En Dignos de ser humanos (Anagrama, 2021), Rutger Bregman nos cuenta que no es cierto que las situaciones de crisis provoquen el hundimiento de la civilización, de manera que todo degenere en un sálvese quien pueda.
Así, mientras los aviones de Hitler bombardeaban Inglaterra en 1940, la gente exhibió su dimensión más solidaria. Los ciudadanos, lejos de traumatizarse, aprendieron a vivir aquellas circunstancias difíciles incluso con humor. La salud mental, en lugar de experimentar un retroceso, experimentó una insólita mejoría: «Descendió el consumo del alcohol y se cometieron menos suicidios que en tiempos de paz».
La voluntad de resistencia de los británicos no se quebró. Sucedió, contra lo que esperaban los nazis, todo lo contrario. Aunque ningún estudio científico ha conseguido probar que los bombardeos socaven la moral de la población, desde 1940 se ha insistido una y otra vez en esta estrategia destructiva y cruel.
Fue lo que hizo, por ejemplo, Estados Unidos en Vietnam. Sus resultados fueron igualmente contraproducentes porque sus enemigos también aprendieron a endurecerse ante la adversidad.

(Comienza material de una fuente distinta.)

(* Let $t,m,r$ be positive integers with $r\geq 2$. If $r(3r-1)$ is not equal to $(mk^{2}-(m-2)k)t$ for any positive integer $k$, then there exists an integer $n$ with $2r-1\le n\le \frac{r(3r-1)}{2}$ such that $p_{mt,t}(n)$ is odd.
   Context: A partition $\lambda$ of a non-negative integer $n$ is a non-increasing sequence of positive integers (its parts) summing to $n$. For positive integers $A$ and $a$, $\mathrm{mex}_{A,a}(\lambda)$ denotes the smallest positive integer congruent to $a$ modulo $A$ that is not a part of $\lambda$. Then $p_{A,a}(n)$ denotes the number of partitions $\lambda$ of $n$ satisfying $\mathrm{mex}_{A,a}(\lambda)\equiv a \pmod{2A}$. *)

theory Defs
  imports Main
begin

definition partitions :: "nat \<Rightarrow> nat list set" where
  "partitions n = {xs. sorted (rev xs) \<and> (\<forall>x\<in>set xs. 0 < x) \<and> sum_list xs = n}"

definition mex :: "nat \<Rightarrow> nat \<Rightarrow> nat list \<Rightarrow> nat" where
  "mex A a xs = (LEAST k. 0 < k \<and> k mod A = a mod A \<and> k \<notin> set xs)"

definition p_mex :: "nat \<Rightarrow> nat \<Rightarrow> nat \<Rightarrow> nat" where
  "p_mex A a n = card {xs \<in> partitions n. mex A a xs mod (2 * A) = a mod (2 * A)}"

end

theory Submission
  imports Defs "HOL-Library.Multiset" "HOL-Library.Z2" "HOL-Library.Disjoint_Sets"
begin

text \<open>Work modulo 2. With A = m t, a partition has mex_{A,t} = t + i A exactly when
  t, t + A, ..., t + (i - 1) A are parts and t + i A is not; p_{A,t}(n) counts those with i even.
  Counting each partition i + 1 times, once for every prefix of the progression it contains, gives
  p_{A,t}(n) = sum_j p(n - e_j) mod 2, where e_j = t + (t + A) + ... + (t + (j - 1) A)
  = (m j^2 - (m - 2) j) t / 2. Modulo 2 the product of the generating functions of partitions and of
  partitions into distinct parts is 1 (moving the least part from one side to the other pairs up
  everything else), and by Franklin's involution the number of partitions of k into distinct parts
  is odd exactly for generalised pentagonal k. Hence the sum of p_{A,t}(N - g) over generalised
  pentagonal g is odd iff N is some e_j. For the pentagonal N = r (3 r - 1) / 2, which by
  hypothesis is no e_j, the term g = N is p_{A,t}(0) = 1, so some pentagonal g < N has
  p_{A,t}(N - g) odd, and the gap below the pentagonal number N forces N - g >= 2 r - 1.\<close>

section \<open>Parity of involutions and Franklin's involution\<close>

lemma of_nat_bit_eq: "(of_nat n :: bit) = of_bool (odd n)"
  by (induction n) auto

lemma even_card_involution:
  assumes "\<And>x. x \<in> X \<Longrightarrow> h x \<in> X" "\<And>x. x \<in> X \<Longrightarrow> h (h x) = x"
    and "\<And>x. x \<in> X \<Longrightarrow> h x \<noteq> x"
  shows "even (card X)"
proof -
  have "(\<Sum>x\<in>X. 1 :: bit) = 0"
    by (rule sum_involution_eq_0[where h = h])
      (simp_all only: one_add_one bit_2_eq_0 assms not_False_eq_True)
  then show ?thesis by (simp add: of_nat_bit_eq)
qed

lemma even_card_iff_even_card_fixpoints:
  assumes "finite X" "\<And>x. x \<in> X \<Longrightarrow> h x \<in> X" "\<And>x. x \<in> X \<Longrightarrow> h (h x) = x"
  shows "even (card X) \<longleftrightarrow> even (card {x\<in>X. h x = x})"
proof -
  have "card X = card ({x\<in>X. h x \<noteq> x} \<union> {x\<in>X. h x = x})"
    by (rule arg_cong[where f = card]) auto
  also have "\<dots> = card {x\<in>X. h x \<noteq> x} + card {x\<in>X. h x = x}"
    by (rule card_Un_disjoint) (use assms(1) in auto)
  finally have "card X = card {x\<in>X. h x \<noteq> x} + card {x\<in>X. h x = x}" .
  moreover have "even (card {x\<in>X. h x \<noteq> x})"
    by (rule even_card_involution[where h = h]) (use assms in auto)
  ultimately show ?thesis by simp
qed

definition distinct_parts :: "nat \<Rightarrow> nat set set" where
  "distinct_parts k = {S. finite S \<and> 0 \<notin> S \<and> \<Sum>S = k}"

definition gen_pentagonal :: "nat \<Rightarrow> bool" where
  "gen_pentagonal k \<longleftrightarrow> (\<exists>z::int. 2 * int k = z * (3 * z - 1))"

definition slope :: "nat set \<Rightarrow> nat" where
  "slope S = (LEAST j. Max S - j \<notin> S)"

definition franklin_exceptional :: "nat set \<Rightarrow> bool" where
  "franklin_exceptional S \<longleftrightarrow>
     S \<noteq> {} \<and> Min S = Max S + 1 - slope S \<and> (Min S = slope S \<or> Min S = slope S + 1)"

text \<open>A partition into distinct parts is identified with its set S of parts; let M = Max S.
  Removing the smallest part s and adding 1 to the s largest parts replaces M + 1 - s by M + 1;
  subtracting 1 from the d = slope S largest parts and adding a part d replaces M by M - d.\<close>
definition franklin :: "nat set \<Rightarrow> nat set" where
  "franklin S = (if Min S \<le> slope S then insert (Max S + 1) (S - {Min S, Max S + 1 - Min S})
                 else insert (slope S) (insert (Max S - slope S) (S - {Max S})))"

lemma Max_minus_slope_notin:
  assumes "0 \<notin> S"
  shows "Max S - slope S \<notin> S"
  unfolding slope_def by (rule LeastI[of _ "Max S"]) (simp add: assms)

lemma slope_le_Max:
  assumes "0 \<notin> S"
  shows "slope S \<le> Max S"
  unfolding slope_def by (rule Least_le) (simp add: assms)

lemma Max_minus_in_if_less_slope: "j < slope S \<Longrightarrow> Max S - j \<in> S"
  unfolding slope_def using not_less_Least by blast

lemma slope_pos:
  assumes "finite S" "S \<noteq> {}" "0 \<notin> S"
  shows "0 < slope S"
proof (rule ccontr)
  assume "\<not> 0 < slope S"
  then show False using Max_minus_slope_notin[OF assms(3)] Max_in[OF assms(1,2)] by simp
qed

lemma slope_eqI:
  assumes "\<And>j. j < d \<Longrightarrow> Max S - j \<in> S" "Max S - d \<notin> S"
  shows "slope S = d"
  unfolding slope_def
proof (rule Least_equality)
  show "Max S - d \<notin> S" by fact
  show "\<And>y. Max S - y \<notin> S \<Longrightarrow> d \<le> y" using assms(1) by (meson not_le)
qed

lemma Max_plus_one_minus_slope_in:
  assumes "finite S" "S \<noteq> {}" "0 \<notin> S"
  shows "Max S + 1 - slope S \<in> S"
proof -
  have "Max S - (slope S - 1) \<in> S"
    by (rule Max_minus_in_if_less_slope) (use slope_pos[OF assms] in simp)
  moreover have "Max S - (slope S - 1) = Max S + 1 - slope S"
    using slope_pos[OF assms] slope_le_Max[OF assms(3)] by linarith
  ultimately show ?thesis by simp
qed

lemma franklin_up_bounds:
  assumes S: "finite S" "S \<noteq> {}" "0 \<notin> S" "\<not> franklin_exceptional S" and up: "Min S \<le> slope S"
  shows "Min S < Max S + 1 - Min S" "Max S + 1 - Min S \<in> S"
proof -
  have top: "Min S \<le> Max S + 1 - slope S"
    using Max_plus_one_minus_slope_in[OF S(1-3)] S(1) by simp
  show "Min S < Max S + 1 - Min S"
  proof (cases "Min S = Max S + 1 - slope S")
    case True
    then have "Min S < slope S" using S(2,4) up unfolding franklin_exceptional_def by auto
    then show ?thesis using True slope_le_Max[OF S(3)] by linarith
  qed (use top up in linarith)
  have "0 < Min S" using Min_in[OF S(1,2)] S(3) by (metis gr0I)
  then have "Max S - (Min S - 1) \<in> S" by (intro Max_minus_in_if_less_slope) (use up in simp)
  moreover have "Max S - (Min S - 1) = Max S + 1 - Min S"
    using \<open>0 < Min S\<close> Min_le[OF S(1) Max_in[OF S(1,2)]] by linarith
  ultimately show "Max S + 1 - Min S \<in> S" by simp
qed

lemma franklin_up_shape:
  assumes S: "finite S" "S \<noteq> {}" "0 \<notin> S" "\<not> franklin_exceptional S" and up: "Min S \<le> slope S"
  defines "T \<equiv> franklin S"
  shows "Max T = Max S + 1" "slope T = Min S" "Min S < Min T"
proof -
  define M s where "M = Max S" and "s = Min S"
  note bounds = franklin_up_bounds[OF S up, folded M_def s_def]
  have T: "T = insert (M + 1) (S - {s, M + 1 - s})"
    unfolding T_def franklin_def M_def s_def using up by simp
  have finT: "finite T" using S(1) T by simp
  have le_M: "y \<le> M" if "y \<in> S" for y using S(1) that M_def by simp
  have s_le: "s \<le> y" if "y \<in> S" for y using S(1) that s_def by simp
  have s_pos: "0 < s" using Min_in[OF S(1,2)] S(3) s_def by (cases s) auto
  show MT: "Max T = M + 1"
    by (rule Max_eqI[OF finT]) (use T le_M in fastforce)+
  show "slope T = s"
  proof (rule slope_eqI)
    show "Max T - j \<in> T" if "j < s" for j
    proof (cases j)
      case (Suc i)
      then have "M - i \<in> S" using Max_minus_in_if_less_slope[of i S] that up M_def s_def by simp
      moreover have "M - i \<noteq> s" "M - i \<noteq> M + 1 - s" using Suc that bounds(1) by auto
      moreover have "Max T - j = M - i" using MT Suc by simp
      ultimately show ?thesis unfolding T by simp
    next
      case 0
      have "M + 1 \<in> T" using T by simp
      then show ?thesis using MT 0 by simp
    qed
    show "Max T - s \<notin> T" using MT T s_pos by auto
  qed
  have "s < y" if "y \<in> T" for y
  proof -
    from that consider "y = M + 1" | "y \<in> S" "y \<noteq> s" unfolding T by auto
    then show ?thesis using s_le[of y] bounds(1) by cases auto
  qed
  then show "s < Min T" using finT T by simp
qed

lemma franklin_up:
  assumes S: "finite S" "S \<noteq> {}" "0 \<notin> S" "\<not> franklin_exceptional S" and up: "Min S \<le> slope S"
  defines "T \<equiv> franklin S"
  shows "finite T" "T \<noteq> {}" "0 \<notin> T" "\<Sum>T = \<Sum>S" "\<not> franklin_exceptional T" "franklin T = S"
    "T \<noteq> S"
proof -
  define M s where "M = Max S" and "s = Min S"
  note bounds = franklin_up_bounds[OF S up, folded M_def s_def]
  note shape = franklin_up_shape[OF S up, folded T_def M_def s_def]
  have T: "T = insert (M + 1) (S - {s, M + 1 - s})"
    unfolding T_def franklin_def M_def s_def using up by simp
  have M1: "M + 1 \<notin> S" using S(1) M_def by (auto dest: Max_ge)
  show "finite T" "T \<noteq> {}" "0 \<notin> T" "T \<noteq> S" using S(1,3) T M1 by auto
  show "\<not> franklin_exceptional T"
    using shape bounds unfolding franklin_exceptional_def by auto
  have "franklin T = insert s (insert (M + 1 - s) (T - {M + 1}))"
    unfolding franklin_def using shape by simp
  also have "\<dots> = S" using T M1 Min_in[OF S(1,2)] bounds(2) s_def by auto
  finally show "franklin T = S" .
  have s_in: "s \<in> S" using Min_in[OF S(1,2)] s_def by simp
  have "\<Sum>S = s + \<Sum>(S - {s})" using S(1) s_in by (simp add: sum.remove)
  also have "\<Sum>(S - {s}) = (M + 1 - s) + \<Sum>(S - {s} - {M + 1 - s})"
    using S(1) bounds by (subst sum.remove[of _ "M + 1 - s"]) auto
  finally have "\<Sum>S = s + (M + 1 - s) + \<Sum>(S - {s, M + 1 - s})"
    by (simp add: Diff_insert2[symmetric] insert_commute)
  moreover have "\<Sum>T = (M + 1) + \<Sum>(S - {s, M + 1 - s})" using T S(1) M1 by simp
  ultimately show "\<Sum>T = \<Sum>S" using bounds(1) by simp
qed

Bregman argumenta con solidez que la mayoría de la gente es buena, al contrario de lo que supone una ideología pesimista disfrazada de realismo. Si los poderosos temen que un desastre nos haga retroceder hasta la barbarie, es porque son ellos los verdaderos egoístas y por eso piensan que el resto del mundo también es así. Desde esta perspectiva, los hechos comprobados darían la razón a los idealistas, no a los cínicos.

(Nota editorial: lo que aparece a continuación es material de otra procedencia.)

lemma invol_fun_insert_cycle: "invol_fun (Suc (Suc N)) (insert_cycle N a g)"
proof (rule invol_funI)
  fix x
  consider "x = a" | "x = Suc (Suc N)" | "x \<in> {1..Suc N}" "x \<noteq> a" | "x \<notin> {1..Suc (Suc N)}"
    using a by force
  then show "insert_cycle N a g (insert_cycle N a g x) = x"
  proof cases
    case 3
    let ?y = "insert_cycle N a g x"
    have "insert_cycle N a g ?y = open_gap a (g (close_gap a ?y))"
      using insert_cycle_middle(2,3)[OF 3] by (rule insert_cycle_middle(1))
    also have "\<dots> = x"
      using insert_cycle_middle(1)[OF 3] invol_fun_invol[OF g] 3 by (simp add: open_gap_close_gap)
    finally show ?thesis .
  qed (use a in \<open>auto simp: insert_cycle_def\<close>)
next
  fix x :: nat assume "x \<notin> {1..Suc (Suc N)}"
  then show "insert_cycle N a g x = x"
    using a by (auto simp: insert_cycle_def)
qed

lemma insert_cycle_top [simp]: "insert_cycle N a g (Suc (Suc N)) = a"
  using a by (simp add: insert_cycle_def)

lemma remove_insert_cycle: "remove_cycle N a (insert_cycle N a g) = g"
proof
  fix x
  show "remove_cycle N a (insert_cycle N a g) x = g x"
  proof (cases "x \<in> {1..N}")
    case True
    then show ?thesis
      using insert_cycle_middle(1)[OF open_gap_range[OF True] open_gap_neq]
      by (simp add: remove_cycle_def)
  qed (auto simp: remove_cycle_def invol_fun_outside[OF g])
qed

end

lemma bij_betw_remove_cycle:
  assumes "a \<in> {1..Suc N}"
  shows "bij_betw (remove_cycle N a) {f. invol_fun (Suc (Suc N)) f \<and> f (Suc (Suc N)) = a} {g. invol_fun N g}"
  by (rule bij_betw_byWitness[where f' = "insert_cycle N a"])
    (use assms invol_fun_remove_cycle insert_remove_cycle invol_fun_insert_cycle
       remove_insert_cycle insert_cycle_top in auto)

text \<open>A trailing letter \<open>a\<close> of \<open>s\<close> imposes no condition: it sits at the last position \<open>f a = N + 2\<close>.\<close>
lemma card_invols_containing_partner:
  assumes a: "a \<in> {1..Suc N}" and xs: "set xs \<subseteq> {1..Suc N} - {a}" and s: "s = xs \<or> s = xs @ [a]"
  shows "card {f \<in> invols_containing (Suc (Suc N)) s. f (Suc (Suc N)) = a} =
    card (invols_containing N (map (close_gap a) xs))"
proof -
  have "bij_betw (remove_cycle N a)
      {f \<in> {f. invol_fun (Suc (Suc N)) f \<and> f (Suc (Suc N)) = a}. sorted_wrt (<) (map f s)}
      {g \<in> {g. invol_fun N g}. sorted_wrt (<) (map g (map (close_gap a) xs))}"
  proof (rule bij_betw_Collect[OF bij_betw_remove_cycle[OF a]])
    fix f assume "f \<in> {f. invol_fun (Suc (Suc N)) f \<and> f (Suc (Suc N)) = a}"
    then have f: "invol_fun (Suc (Suc N)) f" "f (Suc (Suc N)) = a"
      by auto
    show "sorted_wrt (<) (map f s) \<longleftrightarrow> sorted_wrt (<) (map (remove_cycle N a f) (map (close_gap a) xs))"
      using s sorted_map_append_partner[OF f a xs] sorted_map_remove_cycle[OF f a xs] by auto
  qed
  moreover have "{f \<in> invols_containing (Suc (Suc N)) s. f (Suc (Suc N)) = a} =
      {f \<in> {f. invol_fun (Suc (Suc N)) f \<and> f (Suc (Suc N)) = a}. sorted_wrt (<) (map f s)}"
    by (auto simp: invols_containing_def)
  ultimately show ?thesis
    by (simp add: bij_betw_same_card invols_containing_def)
qed

section \<open>The recursion for the number of involutions containing a permutation\<close>

lemma set_perm: "is_perm k s \<Longrightarrow> set s = {1..k}"
  by (simp add: is_perm_def)

lemma perm_butlast:
  assumes "is_perm k s" "k \<noteq> 0"
  shows "s = butlast s @ [last s]" "last s \<in> {1..k}" "set (butlast s) = {1..k} - {last s}"
    "distinct (butlast s)"
proof -
  have "s \<noteq> []"
    using assms by (auto simp: is_perm_def)
  then show s: "s = butlast s @ [last s]"
    by simp
  have "distinct (butlast s @ [last s])" "set (butlast s @ [last s]) = {1..k}"
    using assms(1) s unfolding is_perm_def by metis+
  then show "distinct (butlast s)" "set (butlast s) = {1..k} - {last s}"
    by auto
  show "last s \<in> {1..k}"
    using \<open>s \<noteq> []\<close> set_perm[OF assms(1)] last_in_set by blast
qed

La literatura histórica disponible demuestra que las condiciones objetivas no lo son todo. También tiene un enorme poder la manera en que afrontamos los obstáculos. En La gran evasión, poco antes de morir, el personaje de Richard Attenborough dice que nunca había sido tan feliz como en el campo de prisioneros nazi. ¿Se ha vuelto, tal vez, loco? ¿Cómo puede decir algo en apariencia tan descabellado a propósito de un lugar tan horrible? Sus palabras resultan, en realidad, muy fáciles de entender. Mientras organizaba la fuga de sus compañeros, participaba en un proyecto colectivo y eso daba sentido a su vida. Tenía la sensación de que caminaba en una dirección en lugar de levantarse cada mañana sin ningún propósito.
Se trata, sí, de un ejemplo de ficción, pero la historia nos muestra que la vida de cada día está llena de casos similares. Fueron muchas las personas que recordaban la Segunda Guerra Mundial como un tiempo dichoso, en el que se combatía por una causa justa, frente la existencia prosaica y materialista que vendría después.